And now, the national anthem…

This entry was posted on
Wednesday, September 16th, 2015
at
12:36 pm and is filed
under Christ…, Rupert ‘The Evil One’ Murdoch, Tories! Tories! Tories!.

I’d like to set out my stall by first pointing out that the Queen is the head of state (for roughly a dozen countries, IIRC), and not a bludgeoning device to be used for party-political games. It also needs to be noted that a few weeks before The Sun bravely condemned Jeremy Corbyn for ‘disrespecting the Queen’, they bravely condemned the Queen for allegedly making a Nazi salute when she was a child.
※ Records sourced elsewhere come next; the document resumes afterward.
lemma transpose_mult3:
  fixes A B C :: "real mat"
  assumes "A \<in> carrier_mat n k" "B \<in> carrier_mat k l" "C \<in> carrier_mat l m"
  shows "(A * B * C)\<^sup>T = C\<^sup>T * B\<^sup>T * A\<^sup>T"
proof -
  have "(A * B * C)\<^sup>T = C\<^sup>T * (A * B)\<^sup>T"
    by (rule transpose_mult[of _ n l]) (use assms in auto)
  also have "(A * B)\<^sup>T = B\<^sup>T * A\<^sup>T" by (rule transpose_mult) (use assms in auto)
  finally show ?thesis using assms by (simp add: assoc_mult_mat[of _ m l _ k _ n])
qed

lemma transpose_mat_diag[simp]: "(mat_diag n d)\<^sup>T = mat_diag n d"
  unfolding mat_diag_def by (intro eq_matI) auto

lemma mult_mat_diag_entry:
  fixes X :: "real mat"
  assumes "X \<in> carrier_mat k n" "j < k" "i < n"
  shows "(X * mat_diag n d) $$ (j,i) = X $$ (j,i) * d i"
  using assms by (simp add: mat_diag_mult_right[of X k n])

lemma col_mult_mat_diag:
  fixes X :: "real mat"
  assumes "X \<in> carrier_mat k n" "i < n"
  shows "col (X * mat_diag n d) i = d i \<cdot>\<^sub>v col X i"
  using assms by (intro eq_vecI) (auto simp: mat_diag_mult_right[of X k n] mult.commute)

lemma mat_diag_mult_vec:
  fixes w :: "real vec"
  assumes "w \<in> carrier_vec n"
  shows "mat_diag n d *\<^sub>v w = vec n (\<lambda>i. d i * w $ i)"
proof (rule eq_vecI)
  fix i assume "i < dim_vec (vec n (\<lambda>i. d i * w $ i))"
  hence i: "i < n" by simp
  have "(mat_diag n d *\<^sub>v w) $ i = (\<Sum>l<n. (if i = l then d l else 0) * w $ l)"
    using assms i by (subst index_mult_mat_vec_sum[of _ n n]) (auto simp: mat_diag_def)
  also have "\<dots> = d i * w $ i" using i by (simp add: if_distrib[of "\<lambda>x. x * _"] cong: if_cong)
  finally show "(mat_diag n d *\<^sub>v w) $ i = vec n (\<lambda>i. d i * w $ i) $ i" using i by simp
qed (use assms in \<open>auto simp: mat_diag_def\<close>)

lemma scalar_prod_mat_diag:
  fixes w :: "real vec"
  assumes "w \<in> carrier_vec n"
  shows "w \<bullet> (mat_diag n d *\<^sub>v w) = (\<Sum>l<n. d l * (w $ l * w $ l))"
  using assms by (simp add: mat_diag_mult_vec scalar_prod_sum[of _ n] mult.left_commute)

lemma mult_block_diag_mat:
  fixes A1 A2 B1 B2 :: "real mat"
  assumes "A1 \<in> carrier_mat n1 n1" "B1 \<in> carrier_mat n1 n1"
    and "A2 \<in> carrier_mat n2 n2" "B2 \<in> carrier_mat n2 n2"
  shows "four_block_mat A1 (0\<^sub>m n1 n2) (0\<^sub>m n2 n1) A2 * four_block_mat B1 (0\<^sub>m n1 n2) (0\<^sub>m n2 n1) B2
       = four_block_mat (A1 * B1) (0\<^sub>m n1 n2) (0\<^sub>m n2 n1) (A2 * B2)"
  using assms by (subst mult_four_block_mat[of _ n1 n1 _ n2 _ n2 _ _ n1 _ n2]) auto

lemma transpose_block_diag_mat:
  fixes A1 A2 :: "real mat"
  assumes "A1 \<in> carrier_mat n1 n1" "A2 \<in> carrier_mat n2 n2"
  shows "(four_block_mat A1 (0\<^sub>m n1 n2) (0\<^sub>m n2 n1) A2)\<^sup>T = four_block_mat A1\<^sup>T (0\<^sub>m n1 n2) (0\<^sub>m n2 n1) A2\<^sup>T"
  using assms by (simp add: transpose_four_block_mat[of A1 n1 n1 _ n2 _ n2 A2])

section \<open>The spectral theorem for real symmetric matrices\<close>

definition householder_mat :: "nat \<Rightarrow> real \<Rightarrow> real vec \<Rightarrow> real mat" where
  "householder_mat n c w = mat n n (\<lambda>(i,j). (if i = j then 1 else 0) - c * w $ i * w $ j)"

lemma householder_mat_symmetric: "(householder_mat n c w)\<^sup>T = householder_mat n c w"
  unfolding householder_mat_def by (rule eq_matI) auto

lemma householder_mat_involution:
  assumes cw: "c * (\<Sum>l<n. w $ l * w $ l) = 2"
  shows "householder_mat n c w * householder_mat n c w = 1\<^sub>m n"
proof (rule eq_matI)
  let ?H = "householder_mat n c w"
  have Hc: "?H \<in> carrier_mat n n" unfolding householder_mat_def by simp
  fix i j assume "i < dim_row (1\<^sub>m n)" "j < dim_col (1\<^sub>m n)"
  hence ij: "i < n" "j < n" by auto
  have "(?H * ?H) $$ (i,j) = (\<Sum>l<n. ((if i = l then 1 else 0) - c * w$i * w$l) * ((if l = j then 1 else 0) - c * w$l * w$j))"
    using ij by (subst index_mult_mat_sum[OF Hc Hc]) (auto simp: householder_mat_def)
  also have "\<dots> = (\<Sum>l<n. (if i = l then (if l = j then 1 else 0) - c * w$l * w$j else 0)
       - (if l = j then c * w$i * w$l else 0) + (c * c * w$i * w$j) * (w$l * w$l))"
    by (intro sum.cong refl, auto simp: algebra_simps)
  also have "\<dots> = (if i = j then 1 else 0) - 2 * c * w$i * w$j + c * w$i * w$j * (c * (\<Sum>l<n. w$l * w$l))"
    using ij by (simp add: sum.distrib sum_subtractf sum_distrib_left[symmetric])
  also have "\<dots> = 1\<^sub>m n $$ (i,j)" using ij cw by simp
  finally show "(?H * ?H) $$ (i,j) = 1\<^sub>m n $$ (i,j)" .
qed (auto simp: householder_mat_def)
As the follow-up talking points from a range of Tories revealed, this is merely an excuse to once again push the line that Corbyn is an far-left extremist who wants to overthrow the monarchy, piss on the flag, and eat your babies. If he had sung along, they would instead have called him a hypocrite. Anything to draw attention away from an uncomfortable PMQs for Cameron and the tax credit debate that’s unfolding.

I don’t know about you, but as an agnostic, when I am in church and the hymns begin, I remain silent, but stand respectfully. I’m not causing a fuss. I’m not contradicting or condemning anyone. I am merely exercising my right to not sing along to lyrics that have a deep and religious meaning and purpose that I do not agree with.
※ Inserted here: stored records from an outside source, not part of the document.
(* Let $\mathcal{G}$ be a compact group with normalized Haar measure and let $g\mapsto V_g$, $g\mapsto\tilde V_g$ be unitary representations of $\mathcal{G}$ on $\mathbb{C}^d$. Let $G=\{\overline{V_g}\otimes\tilde V_g: g\in\mathcal{G}\}$ and $G'=\{X\in\mathcal{M}_{d^2}: [X,Y]=0\ \forall Y\in G\}$. Let $|\Omega\rangle=d^{-1/2}\sum_j|j,j\rangle$, $\mathcal{S}=\{\rho\in\mathcal{M}_{d^2}:\rho\ge0,\ \operatorname{tr}_1\rho=\operatorname{tr}_2\rho=\mathbb{1}/d\}$, $\mathcal{U}=\mathrm{conv}\{(\mathbb{1}\otimes U)|\Omega\rangle\langle\Omega|(\mathbb{1}\otimes U^\dagger): U\text{ unitary}\}$, and $\mathcal{W}=\{W\in\mathcal{M}_{d^2}: W=W^\dagger,\ \operatorname{tr}[W\sigma]\ge0\ \forall\sigma\in\mathcal{U}\}$. Let $\rho\in\mathcal{S}\cap G'$. Then $\rho\in\mathcal{U}$ if and only if $\operatorname{tr}[W\rho]\ge0$ for all $W\in\mathcal{W}\cap G'$. Moreover, $$\inf\{\alpha_p+\alpha_n: \rho=\alpha_p\sigma_p-\alpha_n\sigma_n,\ \alpha_{p,n}\ge0,\ \sigma_{p,n}\in\mathcal{U}\}=\inf\{\alpha_p+\alpha_n: \rho=\alpha_p\sigma_p-\alpha_n\sigma_n,\ \alpha_{p,n}\ge0,\ \sigma_{p,n}\in\mathcal{U}\cap G'\},$$ and the same equality holds with $\alpha_p+\alpha_n$ replaced by $\alpha_n$ in both infima.
   Context: The condition $\rho_T\in G'$ for the Jamiolkowski state $\rho_T=(\mathrm{id}\otimes T)(|\Omega\rangle\langle\Omega|)$ is equivalent to covariance of the channel $T$: $T(V_g\,\cdot\,V_g^\dagger)=\tilde V_gT(\cdot)\tilde V_g^\dagger$ for all $g$. $\overline{V_g}$ denotes the entrywise complex conjugate. *)

theory Defs
  imports "HOL-Analysis.Analysis" "HOL-Library.Complex_Order"
begin

definition compact_group ::
  "'g topology \<Rightarrow> ('g \<Rightarrow> 'g \<Rightarrow> 'g) \<Rightarrow> 'g \<Rightarrow> ('g \<Rightarrow> 'g) \<Rightarrow> bool" where
  "compact_group T mul e ginv \<longleftrightarrow>
     e \<in> topspace T \<and>
     (\<forall>x\<in>topspace T. \<forall>y\<in>topspace T. mul x y \<in> topspace T) \<and>
     (\<forall>x\<in>topspace T. ginv x \<in> topspace T) \<and>
     (\<forall>x\<in>topspace T. \<forall>y\<in>topspace T. \<forall>z\<in>topspace T. mul (mul x y) z = mul x (mul y z)) \<and>
     (\<forall>x\<in>topspace T. mul e x = x \<and> mul x e = x) \<and>
     (\<forall>x\<in>topspace T. mul (ginv x) x = e \<and> mul x (ginv x) = e) \<and>
     continuous_map (prod_topology T T) T (\<lambda>(x, y). mul x y) \<and>
     continuous_map T T ginv \<and>
     compact_space T \<and> Hausdorff_space T"

definition cadj :: "complex^'m^'n \<Rightarrow> complex^'n^'m" where
  "cadj A = (\<chi> i j. cnj (A $ j $ i))"

definition cconj :: "complex^'m^'n \<Rightarrow> complex^'m^'n" where
  "cconj A = (\<chi> i j. cnj (A $ i $ j))"

definition unitary_mat :: "complex^'n^'n \<Rightarrow> bool" where
  "unitary_mat U \<longleftrightarrow> cadj U ** U = mat 1 \<and> U ** cadj U = mat 1"

definition hermitian :: "complex^'n^'n \<Rightarrow> bool" where
  "hermitian A \<longleftrightarrow> cadj A = A"

text \<open>Positive semidefinite: all expectation values are nonnegative reals
  (order on complex numbers from HOL-Library.Complex_Order).\<close>
definition psd :: "complex^'n^'n \<Rightarrow> bool" where
  "psd A \<longleftrightarrow> (\<forall>x :: complex^'n. 0 \<le> (\<Sum>i\<in>UNIV. \<Sum>j\<in>UNIV. cnj (x $ i) * A $ i $ j * x $ j))"

definition unitary_rep ::
  "'g topology \<Rightarrow> ('g \<Rightarrow> 'g \<Rightarrow> 'g) \<Rightarrow> ('g \<Rightarrow> complex^'n^'n) \<Rightarrow> bool" where
  "unitary_rep T mul V \<longleftrightarrow>
     (\<forall>g\<in>topspace T. unitary_mat (V g)) \<and>
     (\<forall>g\<in>topspace T. \<forall>h\<in>topspace T. V (mul g h) = V g ** V h) \<and>
     continuous_map T euclidean V"

text \<open>Kronecker product A \<otimes> B, first tensor factor = first index component.\<close>
definition kron :: "complex^'n^'n \<Rightarrow> complex^'n^'n \<Rightarrow> complex^('n \<times> 'n)^('n \<times> 'n)" where
  "kron A B = (\<chi> p q. A $ fst p $ fst q * B $ snd p $ snd q)"

definition ptr1 :: "complex^('n \<times> 'n)^('n \<times> 'n) \<Rightarrow> complex^'n^'n" where
  "ptr1 \<rho> = (\<chi> j l. \<Sum>i\<in>UNIV. \<rho> $ (i, j) $ (i, l))"

definition ptr2 :: "complex^('n \<times> 'n)^('n \<times> 'n) \<Rightarrow> complex^'n^'n" where
  "ptr2 \<rho> = (\<chi> i k. \<Sum>j\<in>UNIV. \<rho> $ (i, j) $ (k, j))"

definition Omega :: "complex^('n::finite \<times> 'n)" where
  "Omega = (\<chi> p. if fst p = snd p then complex_of_real (1 / sqrt (real CARD('n))) else 0)"

definition proj :: "complex^'m \<Rightarrow> complex^'m^'m" where
  "proj v = (\<chi> a b. v $ a * cnj (v $ b))"

definition Sset :: "(complex^('n::finite \<times> 'n)^('n \<times> 'n)) set" where
  "Sset = {\<rho>. psd \<rho> \<and> ptr1 \<rho> = mat (1 / of_nat CARD('n)) \<and>
                  ptr2 \<rho> = mat (1 / of_nat CARD('n))}"

definition Uset :: "(complex^('n::finite \<times> 'n)^('n \<times> 'n)) set" where
  "Uset = convex hull
     {kron (mat 1) U ** proj Omega ** kron (mat 1) (cadj U) | U. unitary_mat U}"

definition Wset :: "(complex^('n::finite \<times> 'n)^('n \<times> 'n)) set" where
  "Wset = {W. hermitian W \<and> (\<forall>\<sigma>\<in>(Uset :: (complex^('n \<times> 'n)^('n \<times> 'n)) set).
                                  0 \<le> trace (W ** \<sigma>))}"

definition Gset :: "'g topology \<Rightarrow> ('g \<Rightarrow> complex^'n^'n) \<Rightarrow> ('g \<Rightarrow> complex^'n^'n)
    \<Rightarrow> (complex^('n \<times> 'n)^('n \<times> 'n)) set" where
  "Gset T V Vt = {kron (cconj (V g)) (Vt g) | g. g \<in> topspace T}"

definition commutant :: "(complex^'m^'m) set \<Rightarrow> (complex^'m^'m) set" where
  "commutant G = {X. \<forall>Y\<in>G. X ** Y = Y ** X}"

end

theory Submission
  imports Defs
begin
A similar convention exists with the national anthem in many countries, including this one. You can, do and should have the freedom to remain seated if you wanted to, but it’s polite to stand, and it’s perfectly OK to not sing along… particularly if you’re Scottish and the assembly is going all the way to the 4th verse.

If the false patriots of The Sun are going to bleat about British values and British traditions, they should acknowledge that Britain is becoming an increasingly enlightened and secular country over time, and everybody should have the right to express their views in any case.

It is perfectly acceptable to hope that Britain can move forward one day without a head of state who was born to the role according to the perceived will of the alleged god of Abraham. It is equally acceptable to decline to sing lyrics that actively pray to that alleged god for an indefinite extension of the status quo.

All of that said, if you wanted to fully exercise your right to free speech, I humbly submit to you three alternative versions of the national anthem for you to sing at appropriate gatherings or in the privacy of your own home:

1. The Inclusive Anthem

I wrote this a few years ago for the benefit of people of alternative faiths who also wished to voice their support for our Queen:

For spontaneity, ask every deity;
‘God(s) save the Queen’.
Brahma & Ek Onkar,
Odin & Zeus & Ra,
Yahweh, Baal, Arinna;
God(s) Save the Queen!

2. ‘God Bless My Underwear’

This is a variation on a classic that I wrote for a campfire songbook. It takes a minor liberty with the structure of the verses, but that is the least of its sins:

God hear my sacred prayer, please bless my underwear
Make them pristine
This is my only pair
Save me from wear and tear
Don’t let my bum go bare
God, keep them clean.
(da-da da-da da-da)
God hear my under-prayer,
Because you’re everywhere,
While you are down in there,
God, keep them clean.

3. The Air Guitar Anthem

And, finally, for those narcissists who see no reason to worship or praise anyone but themselves, I present to you the ultimate in anthemic self-indulgence. It is important that at the key moment* you reveal your air guitar and invisible pick with a flourish, assume the position (legs apart, hips forward), then begin pseudo-shredding while making electric guitar noises to the tune of ‘God Save the Queen’. With gusto.

I am a big rock star
This is my air guitar*
Wah-wah-wah-wahhhh
Wang-wang wahhhh-wang-wang
Diddle-diddle-diddle-diddle-diddle-diddle-waaaah-kerrang
Wah wah-wah wah-wah wahhhh wah-wang
Wah-wah-wah-WAHHHHH!

Thank you, Cleveland, and goodnight.